Exercise goal -
Look through the records and copy each line that has "theta" in it.

Source data
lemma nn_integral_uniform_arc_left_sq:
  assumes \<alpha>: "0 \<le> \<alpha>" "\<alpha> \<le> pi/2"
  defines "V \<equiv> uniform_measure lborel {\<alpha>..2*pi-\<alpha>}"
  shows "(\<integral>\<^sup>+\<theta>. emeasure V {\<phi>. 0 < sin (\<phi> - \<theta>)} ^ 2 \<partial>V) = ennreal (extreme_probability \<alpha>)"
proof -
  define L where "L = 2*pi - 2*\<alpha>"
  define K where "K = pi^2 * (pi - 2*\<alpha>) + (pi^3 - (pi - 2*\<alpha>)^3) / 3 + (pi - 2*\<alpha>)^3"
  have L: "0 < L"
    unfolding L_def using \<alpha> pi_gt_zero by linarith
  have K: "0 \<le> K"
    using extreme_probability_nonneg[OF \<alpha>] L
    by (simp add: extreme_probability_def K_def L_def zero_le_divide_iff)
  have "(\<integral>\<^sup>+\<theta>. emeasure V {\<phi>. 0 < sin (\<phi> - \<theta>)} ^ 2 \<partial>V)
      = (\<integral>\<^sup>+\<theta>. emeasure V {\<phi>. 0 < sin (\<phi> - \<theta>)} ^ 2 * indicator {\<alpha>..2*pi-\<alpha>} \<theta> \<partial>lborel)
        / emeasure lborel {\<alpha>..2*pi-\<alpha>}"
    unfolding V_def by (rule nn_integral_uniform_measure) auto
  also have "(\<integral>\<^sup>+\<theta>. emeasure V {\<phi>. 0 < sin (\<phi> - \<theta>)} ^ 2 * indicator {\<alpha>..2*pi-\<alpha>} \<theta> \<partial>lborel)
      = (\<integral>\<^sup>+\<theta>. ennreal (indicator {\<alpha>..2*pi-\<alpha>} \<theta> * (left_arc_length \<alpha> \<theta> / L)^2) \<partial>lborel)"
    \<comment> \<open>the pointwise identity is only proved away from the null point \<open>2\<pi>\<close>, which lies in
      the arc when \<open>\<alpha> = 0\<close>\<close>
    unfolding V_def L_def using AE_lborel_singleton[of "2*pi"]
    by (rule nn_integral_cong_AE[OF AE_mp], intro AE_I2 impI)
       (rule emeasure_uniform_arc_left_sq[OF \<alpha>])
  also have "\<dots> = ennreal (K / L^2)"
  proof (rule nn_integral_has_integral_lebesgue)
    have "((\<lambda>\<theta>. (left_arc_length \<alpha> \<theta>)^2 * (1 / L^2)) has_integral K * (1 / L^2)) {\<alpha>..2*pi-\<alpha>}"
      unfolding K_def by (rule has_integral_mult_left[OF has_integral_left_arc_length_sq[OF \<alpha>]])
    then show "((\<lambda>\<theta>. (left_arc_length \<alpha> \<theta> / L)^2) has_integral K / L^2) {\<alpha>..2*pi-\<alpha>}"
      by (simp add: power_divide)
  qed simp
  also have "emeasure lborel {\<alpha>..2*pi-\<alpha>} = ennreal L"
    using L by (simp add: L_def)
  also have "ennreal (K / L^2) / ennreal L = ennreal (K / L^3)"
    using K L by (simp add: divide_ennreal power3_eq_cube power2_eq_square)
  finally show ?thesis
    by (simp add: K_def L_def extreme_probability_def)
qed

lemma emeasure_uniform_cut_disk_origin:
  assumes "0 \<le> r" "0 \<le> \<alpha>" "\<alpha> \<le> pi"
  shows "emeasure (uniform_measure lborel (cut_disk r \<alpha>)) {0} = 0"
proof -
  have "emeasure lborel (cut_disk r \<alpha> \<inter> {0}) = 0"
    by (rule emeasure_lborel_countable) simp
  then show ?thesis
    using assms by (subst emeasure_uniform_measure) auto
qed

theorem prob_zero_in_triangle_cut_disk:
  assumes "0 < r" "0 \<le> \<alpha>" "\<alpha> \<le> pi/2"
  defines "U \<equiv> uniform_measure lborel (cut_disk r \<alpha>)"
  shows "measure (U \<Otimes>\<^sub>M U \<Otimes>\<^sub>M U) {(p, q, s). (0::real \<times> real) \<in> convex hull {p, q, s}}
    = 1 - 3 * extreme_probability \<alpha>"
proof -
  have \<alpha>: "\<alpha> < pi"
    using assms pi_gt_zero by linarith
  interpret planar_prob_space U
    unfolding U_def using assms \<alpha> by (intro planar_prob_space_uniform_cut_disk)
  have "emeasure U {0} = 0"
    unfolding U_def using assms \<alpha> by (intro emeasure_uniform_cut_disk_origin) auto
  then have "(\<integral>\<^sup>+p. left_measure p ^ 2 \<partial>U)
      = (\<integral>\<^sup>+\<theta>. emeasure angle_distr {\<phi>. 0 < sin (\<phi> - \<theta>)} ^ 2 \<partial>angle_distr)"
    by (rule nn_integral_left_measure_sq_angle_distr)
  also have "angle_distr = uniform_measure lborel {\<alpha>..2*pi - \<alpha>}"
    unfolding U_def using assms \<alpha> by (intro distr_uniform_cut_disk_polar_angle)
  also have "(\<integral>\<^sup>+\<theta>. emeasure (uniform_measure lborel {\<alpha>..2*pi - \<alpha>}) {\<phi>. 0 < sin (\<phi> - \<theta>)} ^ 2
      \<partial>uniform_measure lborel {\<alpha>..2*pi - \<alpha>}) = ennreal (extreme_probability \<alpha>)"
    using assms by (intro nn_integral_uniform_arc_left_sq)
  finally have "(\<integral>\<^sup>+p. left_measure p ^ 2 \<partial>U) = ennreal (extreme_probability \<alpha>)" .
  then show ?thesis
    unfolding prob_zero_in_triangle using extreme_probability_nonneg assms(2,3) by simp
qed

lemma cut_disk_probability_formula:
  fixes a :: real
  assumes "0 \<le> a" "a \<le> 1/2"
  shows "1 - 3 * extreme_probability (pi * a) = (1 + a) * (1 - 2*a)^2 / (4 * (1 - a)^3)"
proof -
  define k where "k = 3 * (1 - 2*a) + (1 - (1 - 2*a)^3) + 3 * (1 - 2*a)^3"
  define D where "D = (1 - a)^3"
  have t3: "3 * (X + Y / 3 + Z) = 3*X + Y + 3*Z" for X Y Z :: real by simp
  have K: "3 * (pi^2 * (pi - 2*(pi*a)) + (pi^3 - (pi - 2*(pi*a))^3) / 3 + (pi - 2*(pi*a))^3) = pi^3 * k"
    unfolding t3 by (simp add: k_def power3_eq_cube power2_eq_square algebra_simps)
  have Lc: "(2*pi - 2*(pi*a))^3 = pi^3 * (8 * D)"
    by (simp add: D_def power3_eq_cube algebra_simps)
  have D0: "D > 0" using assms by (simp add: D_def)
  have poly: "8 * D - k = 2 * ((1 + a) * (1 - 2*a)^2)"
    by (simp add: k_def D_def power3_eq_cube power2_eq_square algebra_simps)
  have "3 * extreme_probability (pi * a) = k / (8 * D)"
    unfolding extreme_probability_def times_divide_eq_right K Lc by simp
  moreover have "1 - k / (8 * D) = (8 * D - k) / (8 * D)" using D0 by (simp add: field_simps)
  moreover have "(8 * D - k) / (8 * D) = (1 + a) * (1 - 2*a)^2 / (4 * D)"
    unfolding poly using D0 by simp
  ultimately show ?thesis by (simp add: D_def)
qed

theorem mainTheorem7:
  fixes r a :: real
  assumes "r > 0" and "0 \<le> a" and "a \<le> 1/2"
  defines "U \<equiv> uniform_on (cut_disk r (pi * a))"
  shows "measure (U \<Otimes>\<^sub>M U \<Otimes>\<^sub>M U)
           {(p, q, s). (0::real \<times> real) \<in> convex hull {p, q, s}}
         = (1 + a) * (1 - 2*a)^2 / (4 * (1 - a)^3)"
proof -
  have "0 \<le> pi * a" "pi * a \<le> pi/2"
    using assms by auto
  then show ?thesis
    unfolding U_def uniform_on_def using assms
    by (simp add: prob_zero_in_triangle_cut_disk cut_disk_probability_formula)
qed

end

Solution for this exercise -
  shows "(\<integral>\<^sup>+\<theta>. emeasure V {\<phi>. 0 < sin (\<phi> - \<theta>)} ^ 2 \<partial>V) = ennreal (extreme_probability \<alpha>)"
  have "(\<integral>\<^sup>+\<theta>. emeasure V {\<phi>. 0 < sin (\<phi> - \<theta>)} ^ 2 \<partial>V)
      = (\<integral>\<^sup>+\<theta>. emeasure V {\<phi>. 0 < sin (\<phi> - \<theta>)} ^ 2 * indicator {\<alpha>..2*pi-\<alpha>} \<theta> \<partial>lborel)
  also have "(\<integral>\<^sup>+\<theta>. emeasure V {\<phi>. 0 < sin (\<phi> - \<theta>)} ^ 2 * indicator {\<alpha>..2*pi-\<alpha>} \<theta> \<partial>lborel)
      = (\<integral>\<^sup>+\<theta>. ennreal (indicator {\<alpha>..2*pi-\<alpha>} \<theta> * (left_arc_length \<alpha> \<theta> / L)^2) \<partial>lborel)"
    have "((\<lambda>\<theta>. (left_arc_length \<alpha> \<theta>)^2 * (1 / L^2)) has_integral K * (1 / L^2)) {\<alpha>..2*pi-\<alpha>}"
    then show "((\<lambda>\<theta>. (left_arc_length \<alpha> \<theta> / L)^2) has_integral K / L^2) {\<alpha>..2*pi-\<alpha>}"
      = (\<integral>\<^sup>+\<theta>. emeasure angle_distr {\<phi>. 0 < sin (\<phi> - \<theta>)} ^ 2 \<partial>angle_distr)"
  also have "(\<integral>\<^sup>+\<theta>. emeasure (uniform_measure lborel {\<alpha>..2*pi - \<alpha>}) {\<phi>. 0 < sin (\<phi> - \<theta>)} ^ 2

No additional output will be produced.